Primo: lo scarso, scarsissimo peso politico e sociale. Qualsiasi persona sana di mente avrebbe puntato sulla viticoltura dopo il sisma. Il ceto politico dell’epoca, dominato dai demitiani e dai comunisti, non vedeva invece nessuna prospettiva nel lavoro dei campi e ha individuato nella costruzione di grandi nuclei industriali l’unica possibilità di riequilibrare il peso delle aree interne rispetto alla costa. Esattamente l’opposto di cui si aveva bisogno. Esattamente però quello che chiedevano gli elettori: non vogliamo più coltivare la terra, meglio fare i portieri in città e poi coltivare un po’ di insalata biologica nel tempo libero per non prendere il cancro.

Secondo, come i bamboccioni che ho citato prima, alla fine almeno l’80% delle persone impegnate a produrre vino in Irpinia potrebbero sopravvivere tranquillamente e senza grandi sacrifici se una legge proibisse improvvisamente la vendita pubblica di alcol.
Qualcuno perderebbe un po’ di soldi, ma alla fine non sarebbe un dramma.
Le grandi aziende, e quelle venute da fuori, sono ben consapevoli di questa situazione di debolezza del resto della filiera. Non sono contrarie alla esistenza delle piccole, ma non le ritengono affidabili, non le prendono sul serio.
In effetti l’immagine che può rappresentare la situazione è un cono rovesciato: per questo le grandi cantine sanno bene che il loro futuro è affidato sostanzialmente alla possibilità di rafforzare il marchio aziendale più che il territorio in astratto.
Enzo Ercolino ha rappresentato questa filosofia senza se e senza ma.

In poche parole, credo che di fatto le aziende che superano le 500.000 bottiglie regalano molti visitatori e molti acquirenti al territorio, ma il sistema nel suo complesso non regala neanche una bottiglia alle grandi. Una che è una, no. E questo i produttori professionisti lo sanno benissimo.
Insomma, per dirla brutalmente, nessuno compra Feudi o Mastroberardino per provare un vino irpino. Ma esattamente il contrario. I milanesi hanno conosciuto la Falanghina grazie a Feudi, non i Feudi grazie alla Falanghina.

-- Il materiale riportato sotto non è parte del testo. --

lemma noslip_perp_rotation_part:
  fixes X :: "real^'n^'n"
  assumes "invertible A" and "m \<noteq> 0" and "r \<noteq> 0"
    and perp: "(X ** A, w) \<in> noslip_perp m r \<gamma> \<nu> A a"
  shows "(r * \<gamma>\<^sup>2) *\<^sub>R X = wedge w (\<nu> a)"
proof -
  have X: "transpose X = - X"
    using perp \<open>invertible A\<close>
    by (simp add: noslip_perp_def tangent_M_def son_def invertible_mult_matrix_inv_cancel)
  have "d \<bullet> (((r * \<gamma>\<^sup>2) *\<^sub>R X) *v c) = d \<bullet> (wedge w (\<nu> a) *v c)" for c d
  proof -
    let ?V = "wedge c d"
    have "(?V ** A, r *\<^sub>R (?V *v \<nu> a)) \<in> noslip r \<nu> A a"
      using skew_inner_mult_commute[OF transpose_wedge[of c d], of "\<nu> a" "\<nu> a"] \<open>invertible A\<close>
      by (simp add: noslip_def tangent_M_def tangent_S_def son_def transpose_wedge
          invertible_mult_matrix_inv_cancel inner_commute)
    then have "kin_metric m r \<gamma> A (X ** A, w) (?V ** A, r *\<^sub>R (?V *v \<nu> a)) = 0"
      using perp by (auto simp: noslip_perp_def)
    then have "(r * \<gamma>)\<^sup>2 / 2 * (d \<bullet> (X *v c) - c \<bullet> (X *v d))
        + r * ((c \<bullet> \<nu> a) * (w \<bullet> d) - (d \<bullet> \<nu> a) * (w \<bullet> c)) = 0"
      using \<open>m \<noteq> 0\<close> \<open>invertible A\<close>
      by (simp add: kin_metric_def invertible_mult_matrix_inv_cancel trace_mult_transpose_wedge
          wedge_mult_vector inner_diff_right)
    then have "r * ((r * \<gamma>\<^sup>2) * (d \<bullet> (X *v c)) + (d \<bullet> w) * (c \<bullet> \<nu> a))
        = r * ((c \<bullet> w) * (d \<bullet> \<nu> a))"
      using skew_inner_mult_commute[OF X, of c d]
      by (simp add: algebra_simps power2_eq_square inner_commute)
    then have "(r * \<gamma>\<^sup>2) * (d \<bullet> (X *v c)) + (d \<bullet> w) * (c \<bullet> \<nu> a) = (c \<bullet> w) * (d \<bullet> \<nu> a)"
      using \<open>r \<noteq> 0\<close> by simp
    then show ?thesis
      by (simp add: wedge_mult_vector scaleR_matrix_vector_assoc[symmetric] algebra_simps inner_commute)
  qed
  then show ?thesis
    by (auto simp: matrix_eq intro: vector_eq_ldot[THEN iffD1])
qed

Prova provata un giro nei ristoranti italiani del centro nord che chiunque si interessi di queste cose dovrebbe fare abitualmente ogni anno, per capire che in carta ci sono solo i “grandi” e qualche “piccolo” (Marsella, Ferrara, Caggiano, Pietracupa, Molettieri, Vadiaperti, Picariello, Quintodecimo).
Nella maggioranza di ristoranti di fascia medio-alta nella lista dei rossi ci sono solo Taurasi Mastroberardino, Montevetrano, Terra di Lavoro e Vigna Camarato di Villa Matilde.

Una situazione angosciante?
Per nulla. Sarebbe strano se le cose stessero diversamente. Era angosciante per me trovare le bottiglie Santa Margherita nelle pizzerie di Napoli alla fine degli anni ’80. Questo sì che era deprimente.
Io sono abituato sempre a vedere il bicchiere mezzo pieno. Infatti spesso confondo un coglione per una possibilità:-)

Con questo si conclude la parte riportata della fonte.